# Johnny Dronehunter



## BurtonAvenger (Aug 14, 2007)

Well that was amazing!


----------



## neni (Dec 24, 2012)

Had similar thoughts last time I saw one, obnoxiously humming n squeeking above our BBQ :thumbsup: tho, it kept the kids - gang of little rascals - away, all fascinated by it, gathered around the owner


----------



## f00bar (Mar 6, 2014)

neni said:


> Had similar thoughts last time I saw one, obnoxiously humming n squeeking above our BBQ :thumbsup: tho, it kept the kids - gang of little rascals - away, all fascinated by it, gathered around the owner


You should shoot a video of you all throwing your SIGs at one (because you have no ammo for it)

Just joking of course, I know you all have plenty of other guns to go around and seemingly know how to not shoot each other with them.


----------



## neni (Dec 24, 2012)

f00bar said:


> You should shoot a video of you all throwing your SIGs at one (because you have no ammo for it)


3rd drawer of the wardrobe, IIRC 



f00bar said:


> Just joking of course, I know you all have plenty of other guns to go around and seemingly know how to not shoot each other with them.

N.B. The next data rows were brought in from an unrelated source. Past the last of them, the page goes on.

lemma normal_normalized_powers:
  fixes T S :: "'a::complex_inner \<Rightarrow> 'a"
  assumes T: "bounded_clinear T" and adj: "is_adjoint T S" and normal: "T \<circ> S = S \<circ> T"
    and "0 < onorm T" and y: "norm y = 1" "onorm T * (1 - \<delta>) \<le> norm (T y)"
    and "0 \<le> \<delta>" "\<delta> \<le> 1"
  defines "u k \<equiv> scaleC (complex_of_real (1 / onorm T ^ k)) ((T ^^ k) y)"
  shows "T (u k) = scaleC (complex_of_real (onorm T)) (u (Suc k))"
    and "norm (u k) \<le> 1"
    and "1 - real k * \<delta> \<le> norm (u k)"
proof -
  define M where "M = onorm T"
  have "0 < M"
    using \<open>0 < onorm T\<close> by (simp add: M_def)
  have norm_u: "norm (u k) = norm ((T ^^ k) y) / M ^ k"
    using \<open>0 < M\<close> by (simp add: u_def M_def norm_scaleC norm_divide norm_power)
  show "T (u k) = scaleC (complex_of_real (onorm T)) (u (Suc k))"
    using \<open>0 < onorm T\<close> by (simp add: u_def bounded_clinear_scaleC[OF T] scaleC_scaleC)
  show "norm (u k) \<le> 1"
    using norm_funpow_le[OF bounded_clinear_imp_bounded_linear[OF T], of k y] \<open>0 < M\<close> y(1)
    by (simp add: norm_u M_def)
  have "1 - real k * \<delta> \<le> (1 - \<delta>) ^ k"
    using Bernoulli_inequality[of "- \<delta>" k] \<open>\<delta> \<le> 1\<close> by simp
  also have "(1 - \<delta>) ^ k * M ^ k \<le> norm (T y) ^ k"
    using y(2) \<open>\<delta> \<le> 1\<close> \<open>0 < M\<close>
    by (simp flip: power_mult_distrib) (intro power_mono; simp add: M_def ac_simps)
  then have "(1 - \<delta>) ^ k \<le> norm (u k)"
    using normal_norm_funpow_ge[OF adj normal y(1), of k] \<open>0 < M\<close>
    by (simp add: norm_u pos_le_divide_eq)
  finally show "1 - real k * \<delta> \<le> norm (u k)" .
qed

lemma normal_approx_eigenvalue:
  fixes T S :: "'a::complex_inner \<Rightarrow> 'a"
  assumes T: "bounded_clinear T" and adj: "is_adjoint T S" and normal: "T \<circ> S = S \<circ> T"
    and "0 < onorm T" "0 < e"
  shows "\<exists>x c. norm x = 1 \<and> cmod c = onorm T \<and> norm (T x - scaleC c x) \<le> e"
proof -
  define n :: nat where "n = nat \<lceil>(4 * onorm T / e)\<^sup>2\<rceil> + 1"
  have "0 < n"
    by (simp add: n_def)
  have "4 * onorm T / e \<le> sqrt n"
    by (rule real_le_rsqrt) (simp add: n_def, linarith)
  then have small: "4 * onorm T / sqrt n \<le> e"
    using \<open>0 < e\<close> \<open>0 < n\<close> by (simp add: field_simps)
  define \<delta> where "\<delta> = 1 / (2 * real n)"
  have \<delta>: "0 < \<delta>" "\<delta> \<le> 1" "real n * \<delta> = 1 / 2"
    using \<open>0 < n\<close> by (auto simp: \<delta>_def field_simps)
  obtain y where y: "norm y = 1" "onorm T * (1 - \<delta>) < norm (T y)"
    using onorm_approx_by_unit_vector[OF bounded_clinear_imp_bounded_linear[OF T],
        of "onorm T * (1 - \<delta>)"] \<open>0 < onorm T\<close> \<delta> by auto
  let ?u = "\<lambda>k. scaleC (complex_of_real (1 / onorm T ^ k)) ((T ^^ k) y)"
  note powers = normal_normalized_powers[OF T adj normal \<open>0 < onorm T\<close> y(1) less_imp_le[OF y(2)]
      less_imp_le[OF \<delta>(1)] \<delta>(2)]
  have "1 / 2 \<le> norm (?u k)" if "k < n" for k
  proof -
    have "real k * \<delta> \<le> real n * \<delta>"
      using \<delta> \<open>k < n\<close> by (intro mult_right_mono) auto
    then show ?thesis
      using powers(3)[of k] \<delta>(3) by linarith
  qed
  then obtain x d where "norm x = 1" "cmod d = 1"
    and "norm (T x - scaleC (complex_of_real (onorm T) * cnj d) x) \<le> 4 * onorm T / sqrt n"
    using approx_eigenvector_from_chain[where u = ?u, OF T \<open>0 < n\<close> powers(1,2)] \<open>0 < onorm T\<close>
    by auto
  then show ?thesis
    using \<open>0 < onorm T\<close> small
    by (intro exI[of _ x] exI[of _ "complex_of_real (onorm T) * cnj d"]) (simp add: norm_mult)
qed
text \<open>Optimal value of the LP relaxation on the residual graph G(x).\<close>
definition LP :: "nat \<Rightarrow> nat set set \<Rightarrow> (nat \<Rightarrow> nat) \<Rightarrow> spoint \<Rightarrow> real" where
  "LP n E w x = Inf {(\<Sum>i\<in>Vx n x. real (w i) * y i) | y :: nat \<Rightarrow> real.
       (\<forall>i\<in>Vx n x. 0 \<le> y i \<and> y i \<le> 1) \<and>
       (\<forall>i j. {i, j} \<in> Ex E x \<longrightarrow> i \<noteq> j \<longrightarrow> y i + y j \<ge> 1)}"

definition mutate :: "nat \<Rightarrow> nat set set \<Rightarrow> spoint \<Rightarrow> spoint pmf" where
  "mutate n E x = do {
     b \<leftarrow> bernoulli_pmf (1/2);
     c \<leftarrow> Pi_pmf {..<n} False
            (\<lambda>i. bernoulli_pmf (if b \<and> (\<exists>e\<in>Ex E x. i \<in> e) then 1/2 else 1 / real n));
     return_pmf (\<lambda>i. x i \<noteq> c i) }"

text \<open>Tie-breaking rules: sel1 / sel2 return a minimiser of Cost+LP / Cost+2LP.\<close>
definition is_selector :: "(spoint \<Rightarrow> real) \<Rightarrow> (spoint set \<Rightarrow> spoint) \<Rightarrow> bool" where
  "is_selector f sel \<longleftrightarrow>
     (\<forall>S. finite S \<and> S \<noteq> {} \<longrightarrow> sel S \<in> S \<and> (\<forall>z\<in>S. f (sel S) \<le> f z))"

definition dpea_step :: "nat \<Rightarrow> nat set set \<Rightarrow> (spoint set \<Rightarrow> spoint) \<Rightarrow> (spoint set \<Rightarrow> spoint)
    \<Rightarrow> spoint set \<Rightarrow> spoint set pmf" where
  "dpea_step n E sel1 sel2 P = do {
     x \<leftarrow> pmf_of_set P;
     x' \<leftarrow> mutate n E x;
     let P1 = insert x' P;
     let P' = {y \<in> P1. ones n y = ones n x'};
     return_pmf ((P1 - P') \<union> {sel1 P', sel2 P'}) }"

definition zero_pt :: spoint where "zero_pt = (\<lambda>_. False)"

definition init_pt :: "nat \<Rightarrow> spoint pmf" where
  "init_pt n = Pi_pmf {..<n} False (\<lambda>_. bernoulli_pmf (1/2))"

text \<open>Distribution of the population after t iterations, for the chain stopped once 0^n
  is in the population (so "0^n not in P_t" is the event that the hitting time exceeds t).\<close>
primrec dpea_pop :: "nat \<Rightarrow> nat set set \<Rightarrow> (spoint set \<Rightarrow> spoint) \<Rightarrow> (spoint set \<Rightarrow> spoint)
    \<Rightarrow> nat \<Rightarrow> spoint set pmf" where
  "dpea_pop n E sel1 sel2 0 = map_pmf (\<lambda>x. {x}) (init_pt n)"
| "dpea_pop n E sel1 sel2 (Suc t) = dpea_pop n E sel1 sel2 t \<bind>
     (\<lambda>P. if zero_pt \<in> P then return_pmf P else dpea_step n E sel1 sel2 P)"

text \<open>Expected hitting time of 0^n: sum over t of Pr[T > t].\<close>
definition expected_time_zero :: "nat \<Rightarrow> nat set set \<Rightarrow> (spoint set \<Rightarrow> spoint)
    \<Rightarrow> (spoint set \<Rightarrow> spoint) \<Rightarrow> ennreal" where
  "expected_time_zero n E sel1 sel2 =
     (\<Sum>t. ennreal (measure_pmf.prob (dpea_pop n E sel1 sel2 t) {P. zero_pt \<notin> P}))"

end

theory Submission
  imports Defs
begin

text \<open>Let the level of a population be the least number of ones among its members. The
  level never increases: a new point only replaces points with its own number of ones, and
  one of the two selected points of that class survives. The population holds at most two
  points per number of ones, hence at most \<open>2(n+1)\<close> points. From level \<open>k > 0\<close> the
  algorithm selects a point on level \<open>k\<close>, chooses \<open>b = 0\<close> and flips exactly one of its \<open>k\<close>
  one-bits with probability at least \<open>k / (4 e n (n+1))\<close>, which lowers the level. The
  fitness-level method bounds the expected time by \<open>4 e n (n+1) H\<^sub>n = O(n\<^sup>2 log n)\<close>.\<close>

section \<open>Fitness levels for stopped Markov chains\<close>

lemma stopped_chain_invariant:
  fixes X :: "nat \<Rightarrow> 'a pmf"
  assumes step: "\<And>t. X (Suc t) = X t \<bind> (\<lambda>s. if g s then return_pmf s else K s)"
    and init: "\<And>s. s \<in> set_pmf (X 0) \<Longrightarrow> I s"
    and preserve: "\<And>s s'. I s \<Longrightarrow> \<not> g s \<Longrightarrow> s' \<in> set_pmf (K s) \<Longrightarrow> I s'"
  shows "s \<in> set_pmf (X t) \<Longrightarrow> I s"
proof (induction t arbitrary: s)
  case 0
  then show ?case by (rule init)
next
  case (Suc t)
  then obtain s0 where "s0 \<in> set_pmf (X t)" "s \<in> set_pmf (if g s0 then return_pmf s0 else K s0)"
    by (auto simp: step)
  with Suc.IH preserve show ?case by (auto split: if_splits)
qed

text \<open>Additive drift; the left-hand side is the expected stopping time \<open>\<Sum>t. Pr[T > t]\<close>.\<close>

lemma suminf_prob_not_stopped_le_potential:
  fixes X :: "nat \<Rightarrow> 'a pmf" and f :: "'a \<Rightarrow> ennreal"
  assumes step: "\<And>t. X (Suc t) = X t \<bind> (\<lambda>s. if g s then return_pmf s else K s)"
    and init: "\<And>s. s \<in> set_pmf (X 0) \<Longrightarrow> I s"
    and preserve: "\<And>s s'. I s \<Longrightarrow> \<not> g s \<Longrightarrow> s' \<in> set_pmf (K s) \<Longrightarrow> I s'"
    and drift: "\<And>s. I s \<Longrightarrow> \<not> g s \<Longrightarrow> (\<integral>\<^sup>+s'. f s' \<partial>K s) + 1 \<le> f s"
  shows "(\<Sum>t. ennreal (measure_pmf.prob (X t) {s. \<not> g s})) \<le> (\<integral>\<^sup>+s. f s \<partial>X 0)"
proof (rule suminf_le_const)
  let ?q = "\<lambda>t. ennreal (measure_pmf.prob (X t) {s. \<not> g s})"
  have one_step: "(\<integral>\<^sup>+s. f s \<partial>X (Suc t)) + ?q t \<le> (\<integral>\<^sup>+s. f s \<partial>X t)" for t
  proof -
    have "(\<integral>\<^sup>+s. f s \<partial>X (Suc t)) + ?q t
        = (\<integral>\<^sup>+s. (\<integral>\<^sup>+s'. f s' \<partial>(if g s then return_pmf s else K s)) + indicator {s. \<not> g s} s \<partial>X t)"
      by (simp add: step measure_pmf.emeasure_eq_measure[symmetric] nn_integral_add)
    also have "\<dots> \<le> (\<integral>\<^sup>+s. f s \<partial>X t)"
      using drift stopped_chain_invariant[where X = X and g = g and K = K and I = I, OF step init preserve]
      by (intro nn_integral_mono_AE AE_pmfI) auto
    finally show ?thesis .
  qed
  have telescope: "(\<integral>\<^sup>+s. f s \<partial>X T) + (\<Sum>t<T. ?q t) \<le> (\<integral>\<^sup>+s. f s \<partial>X 0)" for T
  proof (induction T)
    case (Suc T)
    have "(\<integral>\<^sup>+s. f s \<partial>X (Suc T)) + (\<Sum>t<Suc T. ?q t)
        \<le> (\<integral>\<^sup>+s. f s \<partial>X T) + (\<Sum>t<T. ?q t)"
      using one_step[of T] by (simp add: add_ac add_right_mono)
    then show ?case using Suc.IH by (rule order_trans)
  qed simp
  show "(\<Sum>t<T. ?q t) \<le> (\<integral>\<^sup>+s. f s \<partial>X 0)" for T
    using telescope[of T] by (rule order_trans[rotated]) simp
qed simp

8Mio inhabitants, 600'000 guns registered, 3.4Mio estimated.
Suizide is the bigger issue than rampage...


----------



## CassMT (Mar 14, 2013)

awesome

if it gets bad for drones on the hill i'm not kidding, i will be packing one of these for some fun on the chairlift










also, there may be some less barbaric solutions. my brother was just visiting who happens to be a prof of computer science and robotics. we were discussing some cyber possibilities such as jamming the control signal, or better yet, hijacking control via iphone...i have not doubt that as drones become more popular the potentiall market for drone destruction/thwarting will boom as well


----------



## Donutz (May 12, 2010)

CassMT said:


> if it gets bad for drones on the hill i'm not kidding, i will be packing one of these for some fun on the chairlift


Never underestimate the power of a well-placed snowball.


----------



## BurtonAvenger (Aug 14, 2007)

My app programmer and I were talking about making a bluetooth enabled kill switch. Mainly so I can be the only one filming with one in the park, but still it would be hilarious to just kill peoples just to watch them crash.


----------



## CassMT (Mar 14, 2013)

nice! it'll happen. the point of my hijacking will be to then see how fast i can run it into the nearest cliffband or tree. 50 points for chopping up the owner's nose, tripping a skier, or running it under the tread of a daytime groomer.

so frikkn funny, just as i'm typing this i see my neighbor is out in his driveway with a drone! oldish guy, peering down his reading glasses at his laptop, looking pissed and perplexed at once, lol...story at 11


----------